We can only do so much shadow work at one time, and there is a limit to how deeply we’re able to witness ourselves that directly relates to our soul growth. The amount of light you can hold in your body determines your capacity to witness your own darkness. Love and connection are the antidote for pain and suffering, and so we must experience them hand in hand in order to successfully release what is no longer serving us. Once we love ourselves enough to sit with our pain long enough to feel it, we are able to let it go once and for all. This allows us to break free of cycles that we’ve been repeating because we’re no longer avoiding the work that must be done, and after we do that work we’re able to move forward in a new way. Our life circumstances only change when we find the courage and strength to change our mindsets and behaviors.

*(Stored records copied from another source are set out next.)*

lemma span2_p0_notin_Dcirc_if_in_Ccone:
  assumes p: "p \<in> Ccone c i" and "p \<noteq> (\<lambda>_. 0)"
  shows "span2 p0 p \<notin> Dcirc c t i"
proof
  assume L: "span2 p0 p \<in> Dcirc c t i"
  define y where "y = (\<lambda>m. 1 * p0 m + 1 * p m)"
  have "p \<in> span2 p0 p" "y \<in> span2 p0 p"
    unfolding y_def by (intro span2_generators span2_lincomb)+
  then have "p \<in> Chat c i" "y \<in> Chat c i" using span2_p0_subset_Chat[OF p] by auto
  have "p 5 = 0" using p by (simp add: Ccone_def)
  then have y5: "y 5 = 1" and y_off5: "\<And>m. m \<noteq> 5 \<Longrightarrow> y m = p m"
    by (simp_all add: y_def p0_def e_def)
  have "\<not> proportional p p0" using \<open>p 5 = 0\<close> \<open>p \<noteq> (\<lambda>_. 0)\<close> by (rule not_proportional_p0)
  moreover have "\<not> proportional y p0" using calculation y_off5 by (simp add: proportional_p0_iff)
  moreover have "y \<noteq> (\<lambda>_. 0)" using y5 by auto
  moreover have "\<forall>x\<in>span2 p0 p \<inter> Chat c i. \<forall>y\<in>span2 p0 p \<inter> Chat c i.
      x \<noteq> (\<lambda>_. 0) \<and> \<not> proportional x p0 \<and> y \<noteq> (\<lambda>_. 0) \<and> \<not> proportional y p0 \<longrightarrow> proportional x y"
    using L unfolding Dcirc_def by blast
  ultimately have "proportional p y"
    using \<open>p \<noteq> (\<lambda>_. 0)\<close> \<open>p \<in> span2 p0 p\<close> \<open>y \<in> span2 p0 p\<close> \<open>p \<in> Chat c i\<close> \<open>y \<in> Chat c i\<close>
    by blast
  then obtain a b where ab: "(a, b) \<noteq> (0, 0)" "\<forall>m. a * p m + b * y m = 0"
    unfolding proportional_def by blast
  then have "b = 0" using ab(2)[rule_format, of 5] y5 \<open>p 5 = 0\<close> by simp
  then show False using ab \<open>p \<noteq> (\<lambda>_. 0)\<close> by auto
qed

Shadow work gives us the opportunity to change these things by shifting the way we look at ourselves and how we relate to the rest of the world. When we’re operating from our wounding, this unresolved pain that’s trapped inside of us, we aren’t able to see our circumstances clearly. These wounds that are bleeding under the surface skew our viewpoint and make it seem like the world is out to get us. It feels like the pain is insurmountable and growing out of control, and this triggers us into fear and avoidance. Sidestepping our pain delays our blessings, and facing it brings us into alignment. Once we decide to stop the cycle of avoidance and face the difficult parts of ourselves, we can finally be free from our trauma responses. These old triggers are only present as long as we allow the root pains to exist unchecked.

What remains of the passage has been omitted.